The narrative follows the life of a wild otter from early months through maturity to death, tracing its movements along rivers, fens, estuaries, and coast across changing seasons. Intimate observation of play, hunting, courtship, and parental care is set against interactions with fish, birds, mammals, and the riverine landscape to reveal ecological relationships. Lyrical passages about water, weather, and terrain alternate with precise natural-history detail, and the account acknowledges both the beauty of wild life and the harsh realities of predation and human threat. The work blends close animal observation with novelistic description to portray one life within a wider natural world.

Chapter Nine

he otters were alarmed by the coming of the man, and that night they left the headland, returning to the Burrows, and hunting rabbits in the great warren of the sandhills. A cold mist lay on the plains and in the hollows, riming the marram grasses and the withered stems of thistle and mullein, so that in the morning mildew and fungi in strange plant forms seemed to have grown out of the sand.

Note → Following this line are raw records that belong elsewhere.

(* Let $K\ge 2$, let $L_1,\dots,L_K:\mathbb{R}^d\to\mathbb{R}$ be twice differentiable, and let $\mu>0$, $\rho,\delta\ge 0$. Assume every $L_k$ is $\mu$-smooth and $\rho$-Hessian Lipschitz. Let $\widehat{w}_1,\dots,\widehat{w}_{K-1}\in\mathbb{R}^d$ and let $H_1,\dots,H_{K-1}$ be symmetric $d\times d$ matrices with $\|H_k\|_2\le\mu$ and $\|H_k-\nabla^2L_k(\widehat{w}_k)\|_2\le\delta$ for all $k\in[K-1]$. Define \[ \widetilde{L}_{K-1}(w)=\sum_{k=1}^{K-1}\Big(L_k(\widehat{w}_k)+(w-\widehat{w}_k)^\top\nabla L_k(\widehat{w}_k)+\tfrac12(w-\widehat{w}_k)^\top H_k(w-\widehat{w}_k)\Big), \] $\widetilde{F}(w)=\frac1K\big(\widetilde{L}_{K-1}(w)+L_K(w)\big)$ and $F(w)=\frac1K\sum_{k=1}^K L_k(w)$. Let $\mathcal{W}\subseteq\mathbb{R}^d$, and suppose $F^*:=\min_{w\in\mathcal{W}}F(w)$ and $\widetilde{F}^*:=\min_{w\in\mathcal{W}}\widetilde{F}(w)$ exist. Let $w_0=\widehat{w}_{K-1}$ and run $T$ iterations of $w_t=w_{t-1}-\eta\nabla\widetilde{F}(w_{t-1})$ with $\eta=1/\mu$, the iterates lying in $\mathcal{W}$. Put $F_0=F(w_0)$, $\widetilde{F}_0=\widetilde{F}(w_0)$. Then \[ \frac1T\sum_{t=1}^T\|\nabla F(w_{t-1})\|_2\le\frac{\alpha}{\sqrt T}+\beta+\gamma_1\sqrt T+\gamma_2 T, \] where $\alpha=\sqrt{2\mu(F_0-F^* )}$, $\beta=\frac{\sqrt3}{K}\sum_{k=1}^{K-2}\big(\delta\|w_0-\widehat{w}_k\|_2+2\rho\|w_0-\widehat{w}_k\|_2^2\big)$, $\gamma_1=\delta\sqrt{\frac3\mu(\widetilde{F}_0-\widetilde{F}^* )}$, and $\gamma_2=\frac{4\rho}{\mu}(\widetilde{F}_0-\widetilde{F}^* )$.
   Context: $\|\cdot\|_2$ denotes the Euclidean norm for vectors and the operator norm for matrices; $[N]=\{1,\dots,N\}$. A differentiable $f$ is $\mu$-smooth if $\|\nabla f(w)-\nabla f(w')\|_2\le\mu\|w-w'\|_2$ for all $w,w'$, and $\rho$-Hessian Lipschitz if $\|\nabla^2 f(w)-\nabla^2 f(w')\|_2\le\rho\|w-w'\|_2$ for all $w,w'$. No convexity is assumed. *)

theory Defs
  imports "HOL-Analysis.Analysis"
begin

definition mat_opnorm :: "real^'n^'n \<Rightarrow> real" where
  "mat_opnorm A = onorm (\<lambda>x. A *v x)"

definition Ltil :: "nat \<Rightarrow> (nat \<Rightarrow> real^'n \<Rightarrow> real) \<Rightarrow> (nat \<Rightarrow> real^'n \<Rightarrow> real^'n)
    \<Rightarrow> (nat \<Rightarrow> real^'n) \<Rightarrow> (nat \<Rightarrow> real^'n^'n) \<Rightarrow> real^'n \<Rightarrow> real" where
  "Ltil K L gL wh H w = (\<Sum>k=1..K-1. L k (wh k) + (w - wh k) \<bullet> gL k (wh k)
        + (1/2) * ((w - wh k) \<bullet> (H k *v (w - wh k))))"

definition Ftil :: "nat \<Rightarrow> (nat \<Rightarrow> real^'n \<Rightarrow> real) \<Rightarrow> (nat \<Rightarrow> real^'n \<Rightarrow> real^'n)
    \<Rightarrow> (nat \<Rightarrow> real^'n) \<Rightarrow> (nat \<Rightarrow> real^'n^'n) \<Rightarrow> real^'n \<Rightarrow> real" where
  "Ftil K L gL wh H w = (1 / real K) * (Ltil K L gL wh H w + L K w)"

definition Ftil_grad :: "nat \<Rightarrow> (nat \<Rightarrow> real^'n \<Rightarrow> real^'n)
    \<Rightarrow> (nat \<Rightarrow> real^'n) \<Rightarrow> (nat \<Rightarrow> real^'n^'n) \<Rightarrow> real^'n \<Rightarrow> real^'n" where
  "Ftil_grad K gL wh H w = (1 / real K) *\<^sub>R
     ((\<Sum>k=1..K-1. gL k (wh k) + H k *v (w - wh k)) + gL K w)"

definition Fobj :: "nat \<Rightarrow> (nat \<Rightarrow> real^'n \<Rightarrow> real) \<Rightarrow> real^'n \<Rightarrow> real" where
  "Fobj K L w = (1 / real K) * (\<Sum>k=1..K. L k w)"
lemma finite_refinements: "finite (refinements \<alpha>)"
  unfolding refinements_def using finite_compositions by simp

lemma self_in_refinements: "0 \<notin> set \<alpha> \<Longrightarrow> \<alpha> \<in> refinements \<alpha>"
  by (simp add: refinements_def compositions_def refines_def)

lemma refinements_Nil: "refinements [] = {[]}"
  using sum_list_pos
  by (fastforce simp: refinements_def compositions_def refines_def comp_set_def
      simp del: sum_list_eq_0_iff)

lemma refinements_single: "refinements [k] = compositions k"
  by (auto simp: refinements_def refines_def comp_set_def)

lemma commBhat_refinements:
  "commBhat a b \<alpha> = (\<Sum>\<beta>\<in>refinements \<alpha>.
     sscale (a ^ (sum_list \<alpha> - length \<beta>) * b ^ (length \<beta> - length \<alpha>)) (commH \<beta>))"
  unfolding commBhat_def refinements_def ..

lemma refinements_Cons:
  assumes k: "0 < k" and \<alpha>: "0 \<notin> set \<alpha>" "\<alpha> \<noteq> []"
  shows "refinements (k # \<alpha>) = (\<lambda>(\<gamma>, \<delta>). \<gamma> @ \<delta>) ` (compositions k \<times> refinements \<alpha>)"
proof (intro equalityI subsetI)
  fix \<beta> assume "\<beta> \<in> refinements (k # \<alpha>)"
  then have pos: "0 \<notin> set \<beta>" and sum: "sum_list \<beta> = k + sum_list \<alpha>"
    and sub: "insert k ((\<lambda>x. k + x) ` comp_set \<alpha>) \<subseteq> comp_set \<beta>"
    by (auto simp: refinements_def compositions_def refines_def comp_set_Cons[OF \<alpha>(2)])
  then obtain i where i: "1 \<le> i" "i < length \<beta>" "k = sum_list (take i \<beta>)"
    by (auto simp: comp_set_def)
  define \<gamma> \<delta> where "\<gamma> = take i \<beta>" and "\<delta> = drop i \<beta>"
  have \<beta>: "\<beta> = \<gamma> @ \<delta>" and "\<gamma> \<noteq> []" "\<delta> \<noteq> []" and sum_\<gamma>: "sum_list \<gamma> = k"
    using i by (auto simp: \<gamma>_def \<delta>_def)
  have pos_\<gamma>: "0 \<notin> set \<gamma>" and pos_\<delta>: "0 \<notin> set \<delta>" using pos \<beta> by auto
  have split: "comp_set \<beta> = comp_set \<gamma> \<union> {k} \<union> (\<lambda>x. k + x) ` comp_set \<delta>"
    using comp_set_append[OF \<open>\<gamma> \<noteq> []\<close> \<open>\<delta> \<noteq> []\<close>] \<beta> sum_\<gamma> by simp
  have "comp_set \<alpha> \<subseteq> comp_set \<delta>"
  proof
    fix x assume x: "x \<in> comp_set \<alpha>"
    have "k + x \<in> comp_set \<beta>" using sub x by auto
    moreover have "0 < x" using comp_set_subset[OF \<alpha>(1)] x by auto
    moreover have "\<forall>y\<in>comp_set \<gamma>. y < k" using comp_set_subset[OF pos_\<gamma>] sum_\<gamma> by auto
    ultimately show "x \<in> comp_set \<delta>" unfolding split by force
  qed
  then have "\<gamma> \<in> compositions k" "\<delta> \<in> refinements \<alpha>"
    using pos_\<gamma> pos_\<delta> sum sum_\<gamma> \<beta>
    by (auto simp: compositions_def refinements_def refines_def)
  then show "\<beta> \<in> (\<lambda>(\<gamma>, \<delta>). \<gamma> @ \<delta>) ` (compositions k \<times> refinements \<alpha>)"
    using \<beta> by blast
next
  fix \<beta> assume "\<beta> \<in> (\<lambda>(\<gamma>, \<delta>). \<gamma> @ \<delta>) ` (compositions k \<times> refinements \<alpha>)"
  then obtain \<gamma> \<delta> where \<beta>: "\<beta> = \<gamma> @ \<delta>" and \<gamma>: "\<gamma> \<in> compositions k"
    and \<delta>: "\<delta> \<in> refinements \<alpha>" by auto
  have "\<gamma> \<noteq> []" using \<gamma> k by (auto simp: compositions_def)
  moreover have "\<delta> \<noteq> []"
    using \<delta> sum_list_pos[OF \<alpha>]
    by (auto simp: refinements_def compositions_def simp del: sum_list_eq_0_iff)
  ultimately have "comp_set \<beta> = comp_set \<gamma> \<union> {k} \<union> (\<lambda>x. k + x) ` comp_set \<delta>"
    using comp_set_append \<beta> \<gamma> by (simp add: compositions_def)
  then show "\<beta> \<in> refinements (k # \<alpha>)"
    using \<gamma> \<delta> \<beta> comp_set_Cons[OF \<alpha>(2)]
    by (auto simp: refinements_def compositions_def refines_def)
qed
lemma walk_to_endpoint:
  assumes "{u, v} \<in> E" "0 \<le> l" "l \<le> 1"
  shows "\<exists>ps. walk E ps \<and> hd ps = pt u v l \<and> last ps = Vtx u"
proof (cases "pt u v l = Vtx u")
  case True
  then show ?thesis
    using assms pt_in_points[OF assms] unfolding walk_def
    by (intro exI[of _ "[pt u v l]"]) simp
next
  case False
  have "on_edge E (pt u v l) (Vtx u) u v l 0"
    using assms unfolding on_edge_def by (simp add: pt_def)
  then have "step_ok E (pt u v l) (Vtx u)"
    using False unfolding step_ok_def by auto
  moreover have "Vtx u \<in> points E"
    using pt_in_points[OF assms(1), of 0] by (simp add: pt_def)
  ultimately have "walk E [pt u v l, Vtx u]"
    using pt_in_points[OF assms] unfolding walk_def by (auto simp: less_Suc_eq)
  then show ?thesis
    by fastforce
qed

lemma walk_between_points:
  assumes sg: "simple_graph V E" and conn: "connected_graph V E"
    and p: "p \<in> points E" and q: "q \<in> points E"
  shows "\<exists>ps. walk E ps \<and> hd ps = p \<and> last ps = q"
proof -
  obtain a b l where ab: "{a, b} \<in> E" "0 \<le> l" "l \<le> 1" "p = pt a b l"
    using p unfolding points_def by blast
  obtain c d t where cd: "{c, d} \<in> E" "0 \<le> t" "t \<le> 1" "q = pt c d t"
    using q unfolding points_def by blast
  have "(a, c) \<in> {(x, y). {x, y} \<in> E}\<^sup>*"
    using conn edge_endpoints[OF sg ab(1)] edge_endpoints[OF sg cd(1)]
    unfolding connected_graph_def by blast
  moreover obtain ps where "walk E ps" "hd ps = p" "last ps = Vtx a"
    using walk_to_endpoint[OF ab(1-3)] ab(4) by blast
  ultimately obtain ps' where "walk E ps'" "hd ps' = p" "last ps' = Vtx c"
    using walk_extend_along_path[OF sg] by metis
  then show ?thesis
    using walk_extend_along_edge[OF _ _ cd(1-3)] cd(4) by metis
qed
lemma harmonic_span_filtered_sum:
  assumes "0 < c" and "harmonic_span G"
  shows "harmonic_span (\<lambda>N. \<Sum>M=1..N. of_bool (c dvd M + d) * t ^ M * of_nat M powi a * G M)"
  using assms(2)
proof (rule harmonic_span_weighted_sum_induct[where K = "\<lambda>M. of_bool (c dvd M + d) * t ^ M * of_nat M powi a"
      and h = "\<lambda>M. M"])
  fix \<beta> assume \<beta>: "integral_word \<beta>"
  show "harmonic_span (\<lambda>N. \<Sum>M=1..N. of_bool (c dvd M + d) * t ^ M * of_nat M powi a * Hw \<beta> M)"
  proof (cases \<beta>)
    case Nil
    then show ?thesis
      using harmonic_span_filtered_nested_sum[OF assms(1) harmonic_span_const[of 1], of d t a] by simp
  next
    case (Cons l \<beta>')
    with \<beta> obtain r s where l: "l = (of_int r, s)" and \<beta>': "integral_word \<beta>'"
      by (auto elim: integral_word_ConsE)
    have "of_bool (c dvd M + d) * t ^ M * of_nat M powi a * Hw \<beta> M
        = of_bool (c dvd M + d) * t ^ M * of_nat M powi a * Hw \<beta> (M - 1)
        + of_bool (c dvd M + d) * (t * s) ^ M * of_nat M powi (a - r) * Hw \<beta>' (M - 1)"
      if "0 < M" for M
    proof -
      have "(of_nat M :: complex) powi (a - r) = of_nat M powi a * of_nat M powi (- r)"
        using that power_int_add[of "of_nat M :: complex" a "- r"] by simp
      then show ?thesis
        using Hw_Cons_of_int_step[OF that, of r s \<beta>'] unfolding Cons l
        by (simp add: power_mult_distrib algebra_simps)
    qed
    then have "(\<lambda>N. \<Sum>M=1..N. of_bool (c dvd M + d) * t ^ M * of_nat M powi a * Hw \<beta> M)
        = (\<lambda>N. (\<Sum>M=1..N. of_bool (c dvd M + d) * t ^ M * of_nat M powi a * Hw \<beta> (M - 1))
          + (\<Sum>M=1..N. of_bool (c dvd M + d) * (t * s) ^ M * of_nat M powi (a - r) * Hw \<beta>' (M - 1)))"
      by (intro ext) (simp add: sum.distrib[symmetric])
    moreover have "harmonic_span \<dots>"
      using \<beta> \<beta>' by (intro harmonic_span.add harmonic_span_filtered_nested_sum assms(1) harmonic_span.word)
    ultimately show ?thesis by simp
  qed
qed (fact harmonic_span.add harmonic_span.scale)+

section \<open>Two consecutive levels\<close>

text \<open>The value at \<open>N\<close> of a member of \<open>harmonic_span2\<close> lies in \<open>\<H>_N + \<H>_(N+1)\<close>.\<close>
inductive harmonic_span2 :: "(nat \<Rightarrow> complex) \<Rightarrow> bool" where
  span: "harmonic_span f \<Longrightarrow> harmonic_span2 f"
| shift: "harmonic_span f \<Longrightarrow> harmonic_span2 (\<lambda>N. f (Suc N))"
| add: "harmonic_span2 f \<Longrightarrow> harmonic_span2 g \<Longrightarrow> harmonic_span2 (\<lambda>N. f N + g N)"
| scale: "harmonic_span2 f \<Longrightarrow> harmonic_span2 (\<lambda>N. a * f N)"
lemma rate_region_subset_hull_if_below_tangent:
  assumes "0 < aI" "aI \<le> a" "a \<le> aF" "0 < gF" "gF \<le> g" "g \<le> gI" "0 < P" "0 < ta" "0 < tb"
    and qI: "(q1I, q2I) \<in> rate_region aI gI P" "ta * q1I + tb * q2I = c"
    and qF: "(q1F, q2F) \<in> rate_region aF gF P" "ta * q1F + tb * q2F = c"
    and below: "\<forall>r\<in>rate_region a g P. ta * fst r + tb * snd r \<le> c"
  shows "rate_region a g P \<subseteq> convex hull (rate_region aI gI P \<union> rate_region aF gF P)"
    (is "_ \<subseteq> convex hull (?A \<union> ?B)")
proof
  fix p assume p: "p \<in> rate_region a g P"
  obtain p1 p2 where p_eq: "p = (p1, p2)" by fastforce
  show "p \<in> convex hull (?A \<union> ?B)"
  proof (rule ccontr)
    assume p_out: "p \<notin> convex hull (?A \<union> ?B)"
    have "compact (convex hull (?A \<union> ?B))"
      using assms(1-7) by (intro compact_convex_hull compact_Un rate_region_compact) auto
    then have closed_hull: "closed (convex hull (?A \<union> ?B))" by (rule compact_imp_closed)
    have down: "nonneg_down_closed (?A \<union> ?B)"
      using assms(1-6) by (intro nonneg_down_closed_Un rate_region_nonneg_down_closed) auto
    have p_nn: "0 \<le> fst p" "0 \<le> snd p" using p unfolding rate_region_def by auto
    obtain w1 w2 where w: "0 \<le> w1" "0 \<le> w2"
      "\<And>q1 q2. (q1, q2) \<in> ?A \<union> ?B \<Longrightarrow> w1 * q1 + w2 * q2 < w1 * fst p + w2 * snd p"
      by (rule separating_nonneg_direction[OF convex_convex_hull closed_hull p_out p_nn
            hull_subset down]) blast
    then have w_sep: "w1 * q1 + w2 * q2 < w1 * p1 + w2 * p2" if "(q1, q2) \<in> ?A \<union> ?B" for q1 q2
      using that unfolding p_eq by simp
    have "0 < g" "0 < a" using assms(1,2,4,5) by linarith+
    have p': "(p1, p2) \<in> rate_region a g P" using p unfolding p_eq .
    have "(p1, p2) \<in> ?A \<union> ?B"
    proof (cases "w2 * ta \<le> w1 * tb")
      case True
      have "w1 * q1I + w2 * q2I < w1 * p1 + w2 * p2" using w_sep qI(1) by blast
      then have "(p1, p2) \<in> ?A"
        by (rule rate_region_mem_of_weighted_gt[OF assms(1,2) \<open>0 < g\<close> assms(6-9) qI below
              w(1,2) True _ p'])
      then show ?thesis by blast
    next
      case False
      then have "w1 * tb \<le> w2 * ta" by linarith
      moreover have "w1 * q1F + w2 * q2F < w1 * p1 + w2 * p2" using w_sep qF(1) by blast
      ultimately have "(p1, p2) \<in> ?B"
        by (rule rate_region_mem_of_weighted_gt_mirror[OF assms(4,5) \<open>0 < a\<close> assms(3,7-9) qF
              below w(1,2) _ _ p'])
      then show ?thesis by blast
    qed
    then have "p \<in> convex hull (?A \<union> ?B)" unfolding p_eq by (rule hull_inc)
    with p_out show False by contradiction
  qed
qed

lemma chan_gain_pos: "0 < b0 \<Longrightarrow> 0 < H \<Longrightarrow> 0 < chan_gain b0 H xk x"
  unfolding chan_gain_def by (simp add: add_nonneg_pos)

lemma chan_gain_le_of_farther:
  assumes "0 \<le> b0" "0 < H" "\<bar>x' - xk\<bar> \<le> \<bar>x - xk\<bar>"
  shows "chan_gain b0 H xk x \<le> chan_gain b0 H xk x'"
  unfolding chan_gain_def using assms
  by (intro divide_left_mono) (auto simp: abs_le_square_iff add_nonneg_pos)

lemma inverse_h1_mono:
  assumes "0 < \<beta>0" "0 < H" "- D / 2 \<le> x" "x \<le> x'"
  shows "inverse (h1 D H \<beta>0 x) \<le> inverse (h1 D H \<beta>0 x')"
proof -
  have "h1 D H \<beta>0 x' \<le> h1 D H \<beta>0 x"
    unfolding h1_def using assms by (intro chan_gain_le_of_farther) auto
  then show ?thesis
    unfolding h1_def using assms by (intro le_imp_inverse_le) (auto intro: chan_gain_pos)
qed

lemma inverse_h2_antimono:
  assumes "0 < \<beta>0" "0 < H" "x \<le> x'" "x' \<le> D / 2"
  shows "inverse (h2 D H \<beta>0 x') \<le> inverse (h2 D H \<beta>0 x)"
proof -
  have "h2 D H \<beta>0 x \<le> h2 D H \<beta>0 x'"
    unfolding h2_def using assms by (intro chan_gain_le_of_farther) auto
  then show ?thesis
    unfolding h2_def using assms by (intro le_imp_inverse_le) (auto intro: chan_gain_pos)
qed

lemma tangent_triangle_eq:
  fixes ta tb c r1I r2I r1F r2F :: real
  assumes "0 < tb" "ta * r1I + tb * r2I = c" "ta * r1F + tb * r2F = c" "r1I \<noteq> r1F"
  shows "(let k = (r2I - r2F) / (r1I - r1F)
        in {(r1, r2). r2 \<le> k * (r1 - r1I) + r2I \<and> r1 \<ge> 0 \<and> r2 \<ge> 0})
       = {(r1, r2). ta * r1 + tb * r2 \<le> c \<and> r1 \<ge> 0 \<and> r2 \<ge> 0}"
proof -
  have "ta * (r1I - r1F) = - tb * (r2I - r2F)" using assms by (simp add: algebra_simps)
  then have slope: "(r2I - r2F) / (r1I - r1F) = - ta / tb" using assms by (simp add: field_simps)
  have "r2 \<le> - ta / tb * (r1 - r1I) + r2I \<longleftrightarrow> ta * r1 + tb * r2 \<le> c" for r1 r2
  proof -
    have "r2 \<le> - ta / tb * (r1 - r1I) + r2I \<longleftrightarrow> tb * r2 \<le> tb * (- ta / tb * (r1 - r1I) + r2I)"
      using assms by simp
    also have "tb * (- ta / tb * (r1 - r1I) + r2I) = - ta * (r1 - r1I) + tb * r2I"
      using assms by (simp add: field_simps)
    finally show ?thesis using assms by (simp add: algebra_simps)
  qed
  then show ?thesis unfolding Let_def slope by auto
qed

theorem lemma5:
  fixes D H \<beta>0 Pbar xI xF x r1I r2I r1F r2F :: real
  assumes "D > 0" and "H > 0" and "\<beta>0 > 0" and "Pbar > 0"
    and "- D / 2 \<le> xI" and "xI < xF" and "xF \<le> D / 2"
    and "(r1I, r2I) \<in> frontier (C_f D H \<beta>0 Pbar xI)"
    and "(r1F, r2F) \<in> frontier (C_f D H \<beta>0 Pbar xF)"
    and "\<exists>a b c. a > 0 \<and> b > 0 \<and>
           (\<forall>r \<in> convex hull (C_f D H \<beta>0 Pbar xI \<union> C_f D H \<beta>0 Pbar xF).
              a * fst r + b * snd r \<le> c) \<and>
           a * r1I + b * r2I = c \<and> a * r1F + b * r2F = c"
    and "r1I \<noteq> r1F"
    and "x \<in> {xI..xF}"
  shows "C_f D H \<beta>0 Pbar x \<subseteq> convex hull (C_f D H \<beta>0 Pbar xI \<union> C_f D H \<beta>0 Pbar xF)
     \<longleftrightarrow>
     C_f D H \<beta>0 Pbar x \<subseteq>
       (let k = (r2I - r2F) / (r1I - r1F)
        in {(r1, r2). r2 \<le> k * (r1 - r1I) + r2I \<and> r1 \<ge> 0 \<and> r2 \<ge> 0})"
proof -
  define a g where "a t = inverse (h1 D H \<beta>0 t)" and "g t = inverse (h2 D H \<beta>0 t)" for t
  have h_pos: "0 < h1 D H \<beta>0 t" "0 < h2 D H \<beta>0 t" for t
    unfolding h1_def h2_def using assms(2,3) by (simp_all add: chan_gain_pos)
  then have ag_pos: "0 < a t" "0 < g t" for t unfolding a_def g_def by simp_all
  have Cf: "C_f D H \<beta>0 Pbar t = rate_region (a t) (g t) Pbar" for t
    unfolding a_def g_def using h_pos by (rule C_f_eq_rate_region)
  have mono: "a xI \<le> a x" "a x \<le> a xF" "g xF \<le> g x" "g x \<le> g xI"
    unfolding a_def g_def using assms(1-3,5,7,12)
    by (auto intro!: inverse_h1_mono inverse_h2_antimono)
  obtain ta tb c where line: "0 < ta" "0 < tb"
      "\<forall>r\<in>convex hull (rate_region (a xI) (g xI) Pbar \<union> rate_region (a xF) (g xF) Pbar).
         ta * fst r + tb * snd r \<le> c"
      "ta * r1I + tb * r2I = c" "ta * r1F + tb * r2F = c"
    using assms(10) unfolding Cf by blast
  have qI: "(r1I, r2I) \<in> rate_region (a xI) (g xI) Pbar"
    and qF: "(r1F, r2F) \<in> rate_region (a xF) (g xF) Pbar"
    using assms(8,9) frontier_subset_closed[OF rate_region_closed] unfolding Cf by blast+
  note hull_lemma = rate_region_subset_hull_if_below_tangent[OF ag_pos(1) mono(1,2) ag_pos(2)
      mono(3,4) assms(4) line(1,2) qI line(4) qF line(5)]
  let ?X = "rate_region (a x) (g x) Pbar"
  let ?K = "convex hull (rate_region (a xI) (g xI) Pbar \<union> rate_region (a xF) (g xF) Pbar)"
  let ?T = "{(r1, r2). ta * r1 + tb * r2 \<le> c \<and> r1 \<ge> 0 \<and> r2 \<ge> 0}"
  have "?X \<subseteq> ?K \<longleftrightarrow> ?X \<subseteq> ?T"
  proof
    assume "?X \<subseteq> ?K"
    then show "?X \<subseteq> ?T" using line(3) unfolding rate_region_def by fastforce
  next
    assume "?X \<subseteq> ?T"
    then show "?X \<subseteq> ?K" by (intro hull_lemma) auto
  qed
  then show ?thesis unfolding Cf tangent_triangle_eq[OF line(2,4,5) assms(11)] .
qed

end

On the coarser hairs of the otters’ coats the hoar remained white, but on the shorter and softer hairs it melted into little balls of water. Everything except the otters and birds and bullocks was white. The sedges and reeds of the duckponds were white, so was the rigging of the ketches in the pill. The hoof-holes of cattle were filmed with brittle ice. In the cold windless air came distinct the quacking of ducks and the whistling of drakes as the wildfowl flighted from the ponds and saltings to the sea, where they slept by day.

The otters lay up near a cattle shippen, among reeds with white feathery tops. A dull red sun, without heat or rays, moved over them, sinking slowly down the sky. For two days and two nights the frosty vapour lay over the Burrows, and then came an icy north wind which poured like liquid glass from Exmoor and made all things distinct. The wind made whips of the dwarf willows, and hissed through clumps of the great sea-rushes. The spines of the marram grasses scratched wildly at the rushing air, which passed over the hollows where larks and linnets crouched from its invisible clutch. Like a spirit freed by the sun’s ruin and levelling all things before a new creation the wind drove grains of sand against the legs and ruffled feathers of the little birds, as though it would breathe annihilation upon them, strip their frail bones of skin and flesh, and grind them until they became again that which was before the earth’s old travail. Vainly the sharp and hard points of the marram grasses drew their circles on the sand: the Icicle Spirit was coming, and no terrestrial power could exorcise it.

The north wind carried a strange thickset bird which drifted without feather sound over the dry bracken of Ferny Hill, where Tarka and Greymuzzle had gone for warmth. Its plumage was white, barred and spotted with dark brown. Its fierce eyes were ringed with yellow, the colour of the lichens on the stone shippens. Mile after mile its soft and silent wings had carried it, from a frozen land where the Northern Lights stared in stark perpetuity upon the ice-fields. The thick-set bird was an Arctic Owl, and its name was Bubu, which means Terrible. It quartered the mires and the burrows, and the gripe of its feathered feet was death to many ducks and rabbits.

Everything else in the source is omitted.